### Task goal
Restate each record exactly as it was written.

### Task material
_ _ _ _ _ _ _

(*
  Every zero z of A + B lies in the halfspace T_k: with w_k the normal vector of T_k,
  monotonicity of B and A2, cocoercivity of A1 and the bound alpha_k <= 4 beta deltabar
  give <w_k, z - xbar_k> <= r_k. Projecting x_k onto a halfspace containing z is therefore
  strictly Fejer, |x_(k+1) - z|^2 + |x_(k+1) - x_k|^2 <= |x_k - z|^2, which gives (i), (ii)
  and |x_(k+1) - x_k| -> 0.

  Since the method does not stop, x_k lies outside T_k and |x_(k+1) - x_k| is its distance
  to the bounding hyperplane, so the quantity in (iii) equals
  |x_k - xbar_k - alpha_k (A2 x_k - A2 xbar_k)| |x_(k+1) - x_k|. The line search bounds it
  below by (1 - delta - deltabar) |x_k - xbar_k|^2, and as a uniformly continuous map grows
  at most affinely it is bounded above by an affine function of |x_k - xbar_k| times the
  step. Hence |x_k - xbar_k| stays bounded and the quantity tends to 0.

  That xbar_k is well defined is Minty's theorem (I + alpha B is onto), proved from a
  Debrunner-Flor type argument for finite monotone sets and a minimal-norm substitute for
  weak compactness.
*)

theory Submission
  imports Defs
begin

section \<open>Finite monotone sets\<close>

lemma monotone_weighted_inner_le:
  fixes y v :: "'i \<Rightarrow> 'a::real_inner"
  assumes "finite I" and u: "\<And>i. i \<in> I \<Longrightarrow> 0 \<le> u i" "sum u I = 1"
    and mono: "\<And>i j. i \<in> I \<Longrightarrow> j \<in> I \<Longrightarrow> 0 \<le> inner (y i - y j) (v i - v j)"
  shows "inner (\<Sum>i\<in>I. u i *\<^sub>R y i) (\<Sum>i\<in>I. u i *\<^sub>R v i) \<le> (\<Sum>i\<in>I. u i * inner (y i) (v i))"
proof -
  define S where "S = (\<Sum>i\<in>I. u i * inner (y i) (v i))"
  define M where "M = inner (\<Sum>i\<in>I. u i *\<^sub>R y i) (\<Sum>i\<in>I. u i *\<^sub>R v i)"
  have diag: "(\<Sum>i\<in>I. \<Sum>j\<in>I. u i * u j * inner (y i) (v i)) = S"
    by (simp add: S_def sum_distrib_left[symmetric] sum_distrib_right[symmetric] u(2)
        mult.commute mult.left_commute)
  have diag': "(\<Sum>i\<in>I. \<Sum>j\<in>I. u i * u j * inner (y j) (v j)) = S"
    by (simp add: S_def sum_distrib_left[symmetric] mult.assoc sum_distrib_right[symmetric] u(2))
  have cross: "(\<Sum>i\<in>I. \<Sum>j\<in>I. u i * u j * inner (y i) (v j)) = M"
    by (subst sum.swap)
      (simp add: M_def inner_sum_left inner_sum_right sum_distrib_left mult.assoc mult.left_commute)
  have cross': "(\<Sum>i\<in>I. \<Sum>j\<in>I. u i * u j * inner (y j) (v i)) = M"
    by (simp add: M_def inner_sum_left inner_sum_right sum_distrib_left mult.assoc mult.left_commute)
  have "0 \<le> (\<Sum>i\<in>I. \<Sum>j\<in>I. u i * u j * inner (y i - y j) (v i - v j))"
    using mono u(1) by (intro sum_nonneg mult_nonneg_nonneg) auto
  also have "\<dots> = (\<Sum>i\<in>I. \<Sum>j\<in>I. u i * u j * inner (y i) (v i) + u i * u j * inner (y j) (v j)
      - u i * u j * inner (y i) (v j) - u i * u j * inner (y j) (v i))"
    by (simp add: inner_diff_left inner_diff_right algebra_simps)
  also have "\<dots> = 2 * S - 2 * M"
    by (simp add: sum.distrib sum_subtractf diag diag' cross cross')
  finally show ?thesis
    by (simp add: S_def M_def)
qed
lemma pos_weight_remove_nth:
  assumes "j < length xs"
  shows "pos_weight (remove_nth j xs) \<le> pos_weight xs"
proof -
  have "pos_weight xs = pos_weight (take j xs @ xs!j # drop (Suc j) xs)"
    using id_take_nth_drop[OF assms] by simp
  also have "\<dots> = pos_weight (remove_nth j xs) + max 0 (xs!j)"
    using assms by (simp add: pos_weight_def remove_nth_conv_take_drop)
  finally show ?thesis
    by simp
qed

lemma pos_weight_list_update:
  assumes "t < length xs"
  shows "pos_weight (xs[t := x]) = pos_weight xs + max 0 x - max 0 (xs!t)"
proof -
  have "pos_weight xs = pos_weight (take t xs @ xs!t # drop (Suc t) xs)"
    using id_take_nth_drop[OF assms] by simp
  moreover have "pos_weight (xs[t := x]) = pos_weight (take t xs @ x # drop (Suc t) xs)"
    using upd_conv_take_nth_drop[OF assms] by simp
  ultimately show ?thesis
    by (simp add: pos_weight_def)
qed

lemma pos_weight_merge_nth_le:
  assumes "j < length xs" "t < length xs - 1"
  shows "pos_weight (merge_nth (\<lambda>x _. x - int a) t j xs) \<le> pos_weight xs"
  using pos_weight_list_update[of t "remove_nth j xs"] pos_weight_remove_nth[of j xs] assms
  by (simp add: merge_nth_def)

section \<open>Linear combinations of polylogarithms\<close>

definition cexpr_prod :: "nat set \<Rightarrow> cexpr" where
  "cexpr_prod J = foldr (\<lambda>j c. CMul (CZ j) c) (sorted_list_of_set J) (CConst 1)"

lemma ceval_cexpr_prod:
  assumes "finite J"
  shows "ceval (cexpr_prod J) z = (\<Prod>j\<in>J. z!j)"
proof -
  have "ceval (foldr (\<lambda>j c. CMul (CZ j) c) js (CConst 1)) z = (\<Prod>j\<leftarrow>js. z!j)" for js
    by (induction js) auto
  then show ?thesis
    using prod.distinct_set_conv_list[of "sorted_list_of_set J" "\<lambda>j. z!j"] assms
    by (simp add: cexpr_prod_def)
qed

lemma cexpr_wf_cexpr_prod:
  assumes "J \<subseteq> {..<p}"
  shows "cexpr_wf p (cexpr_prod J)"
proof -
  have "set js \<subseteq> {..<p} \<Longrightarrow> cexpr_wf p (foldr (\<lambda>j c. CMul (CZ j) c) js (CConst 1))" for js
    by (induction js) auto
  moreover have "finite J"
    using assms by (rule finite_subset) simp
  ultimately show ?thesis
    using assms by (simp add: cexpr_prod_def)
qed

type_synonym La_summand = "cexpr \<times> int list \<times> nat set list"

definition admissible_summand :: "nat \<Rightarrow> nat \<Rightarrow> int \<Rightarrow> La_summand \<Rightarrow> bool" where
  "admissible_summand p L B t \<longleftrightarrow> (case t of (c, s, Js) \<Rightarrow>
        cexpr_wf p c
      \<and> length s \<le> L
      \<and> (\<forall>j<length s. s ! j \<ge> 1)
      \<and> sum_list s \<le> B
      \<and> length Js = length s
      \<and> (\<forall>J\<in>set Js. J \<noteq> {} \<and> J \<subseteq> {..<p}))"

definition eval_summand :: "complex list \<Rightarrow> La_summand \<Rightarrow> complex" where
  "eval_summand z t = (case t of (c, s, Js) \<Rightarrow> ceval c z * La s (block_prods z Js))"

_ _ _ _ _ _ _

### Answer for this exercise
(*
  Every zero z of A + B lies in the halfspace T_k: with w_k the normal vector of T_k,
  monotonicity of B and A2, cocoercivity of A1 and the bound alpha_k <= 4 beta deltabar
  give <w_k, z - xbar_k> <= r_k. Projecting x_k onto a halfspace containing z is therefore
  strictly Fejer, |x_(k+1) - z|^2 + |x_(k+1) - x_k|^2 <= |x_k - z|^2, which gives (i), (ii)
  and |x_(k+1) - x_k| -> 0.

  Since the method does not stop, x_k lies outside T_k and |x_(k+1) - x_k| is its distance
  to the bounding hyperplane, so the quantity in (iii) equals
  |x_k - xbar_k - alpha_k (A2 x_k - A2 xbar_k)| |x_(k+1) - x_k|. The line search bounds it
  below by (1 - delta - deltabar) |x_k - xbar_k|^2, and as a uniformly continuous map grows
  at most affinely it is bounded above by an affine function of |x_k - xbar_k| times the
  step. Hence |x_k - xbar_k| stays bounded and the quantity tends to 0.

  That xbar_k is well defined is Minty's theorem (I + alpha B is onto), proved from a
  Debrunner-Flor type argument for finite monotone sets and a minimal-norm substitute for
  weak compactness.
*)

theory Submission
  imports Defs
begin

section \<open>Finite monotone sets\<close>

lemma monotone_weighted_inner_le:
  fixes y v :: "'i \<Rightarrow> 'a::real_inner"
  assumes "finite I" and u: "\<And>i. i \<in> I \<Longrightarrow> 0 \<le> u i" "sum u I = 1"
    and mono: "\<And>i j. i \<in> I \<Longrightarrow> j \<in> I \<Longrightarrow> 0 \<le> inner (y i - y j) (v i - v j)"
  shows "inner (\<Sum>i\<in>I. u i *\<^sub>R y i) (\<Sum>i\<in>I. u i *\<^sub>R v i) \<le> (\<Sum>i\<in>I. u i * inner (y i) (v i))"
proof -
  define S where "S = (\<Sum>i\<in>I. u i * inner (y i) (v i))"
  define M where "M = inner (\<Sum>i\<in>I. u i *\<^sub>R y i) (\<Sum>i\<in>I. u i *\<^sub>R v i)"
  have diag: "(\<Sum>i\<in>I. \<Sum>j\<in>I. u i * u j * inner (y i) (v i)) = S"
    by (simp add: S_def sum_distrib_left[symmetric] sum_distrib_right[symmetric] u(2)
        mult.commute mult.left_commute)
  have diag': "(\<Sum>i\<in>I. \<Sum>j\<in>I. u i * u j * inner (y j) (v j)) = S"
    by (simp add: S_def sum_distrib_left[symmetric] mult.assoc sum_distrib_right[symmetric] u(2))
  have cross: "(\<Sum>i\<in>I. \<Sum>j\<in>I. u i * u j * inner (y i) (v j)) = M"
    by (subst sum.swap)
      (simp add: M_def inner_sum_left inner_sum_right sum_distrib_left mult.assoc mult.left_commute)
  have cross': "(\<Sum>i\<in>I. \<Sum>j\<in>I. u i * u j * inner (y j) (v i)) = M"
    by (simp add: M_def inner_sum_left inner_sum_right sum_distrib_left mult.assoc mult.left_commute)
  have "0 \<le> (\<Sum>i\<in>I. \<Sum>j\<in>I. u i * u j * inner (y i - y j) (v i - v j))"
    using mono u(1) by (intro sum_nonneg mult_nonneg_nonneg) auto
  also have "\<dots> = (\<Sum>i\<in>I. \<Sum>j\<in>I. u i * u j * inner (y i) (v i) + u i * u j * inner (y j) (v j)
      - u i * u j * inner (y i) (v j) - u i * u j * inner (y j) (v i))"
    by (simp add: inner_diff_left inner_diff_right algebra_simps)
  also have "\<dots> = 2 * S - 2 * M"
    by (simp add: sum.distrib sum_subtractf diag diag' cross cross')
  finally show ?thesis
    by (simp add: S_def M_def)
qed
lemma pos_weight_remove_nth:
  assumes "j < length xs"
  shows "pos_weight (remove_nth j xs) \<le> pos_weight xs"
proof -
  have "pos_weight xs = pos_weight (take j xs @ xs!j # drop (Suc j) xs)"
    using id_take_nth_drop[OF assms] by simp
  also have "\<dots> = pos_weight (remove_nth j xs) + max 0 (xs!j)"
    using assms by (simp add: pos_weight_def remove_nth_conv_take_drop)
  finally show ?thesis
    by simp
qed

lemma pos_weight_list_update:
  assumes "t < length xs"
  shows "pos_weight (xs[t := x]) = pos_weight xs + max 0 x - max 0 (xs!t)"
proof -
  have "pos_weight xs = pos_weight (take t xs @ xs!t # drop (Suc t) xs)"
    using id_take_nth_drop[OF assms] by simp
  moreover have "pos_weight (xs[t := x]) = pos_weight (take t xs @ x # drop (Suc t) xs)"
    using upd_conv_take_nth_drop[OF assms] by simp
  ultimately show ?thesis
    by (simp add: pos_weight_def)
qed

lemma pos_weight_merge_nth_le:
  assumes "j < length xs" "t < length xs - 1"
  shows "pos_weight (merge_nth (\<lambda>x _. x - int a) t j xs) \<le> pos_weight xs"
  using pos_weight_list_update[of t "remove_nth j xs"] pos_weight_remove_nth[of j xs] assms
  by (simp add: merge_nth_def)

section \<open>Linear combinations of polylogarithms\<close>

definition cexpr_prod :: "nat set \<Rightarrow> cexpr" where
  "cexpr_prod J = foldr (\<lambda>j c. CMul (CZ j) c) (sorted_list_of_set J) (CConst 1)"

lemma ceval_cexpr_prod:
  assumes "finite J"
  shows "ceval (cexpr_prod J) z = (\<Prod>j\<in>J. z!j)"
proof -
  have "ceval (foldr (\<lambda>j c. CMul (CZ j) c) js (CConst 1)) z = (\<Prod>j\<leftarrow>js. z!j)" for js
    by (induction js) auto
  then show ?thesis
    using prod.distinct_set_conv_list[of "sorted_list_of_set J" "\<lambda>j. z!j"] assms
    by (simp add: cexpr_prod_def)
qed

lemma cexpr_wf_cexpr_prod:
  assumes "J \<subseteq> {..<p}"
  shows "cexpr_wf p (cexpr_prod J)"
proof -
  have "set js \<subseteq> {..<p} \<Longrightarrow> cexpr_wf p (foldr (\<lambda>j c. CMul (CZ j) c) js (CConst 1))" for js
    by (induction js) auto
  moreover have "finite J"
    using assms by (rule finite_subset) simp
  ultimately show ?thesis
    using assms by (simp add: cexpr_prod_def)
qed

type_synonym La_summand = "cexpr \<times> int list \<times> nat set list"

definition admissible_summand :: "nat \<Rightarrow> nat \<Rightarrow> int \<Rightarrow> La_summand \<Rightarrow> bool" where
  "admissible_summand p L B t \<longleftrightarrow> (case t of (c, s, Js) \<Rightarrow>
        cexpr_wf p c
      \<and> length s \<le> L
      \<and> (\<forall>j<length s. s ! j \<ge> 1)
      \<and> sum_list s \<le> B
      \<and> length Js = length s
      \<and> (\<forall>J\<in>set Js. J \<noteq> {} \<and> J \<subseteq> {..<p}))"

definition eval_summand :: "complex list \<Rightarrow> La_summand \<Rightarrow> complex" where
  "eval_summand z t = (case t of (c, s, Js) \<Rightarrow> ceval c z * La s (block_prods z Js))"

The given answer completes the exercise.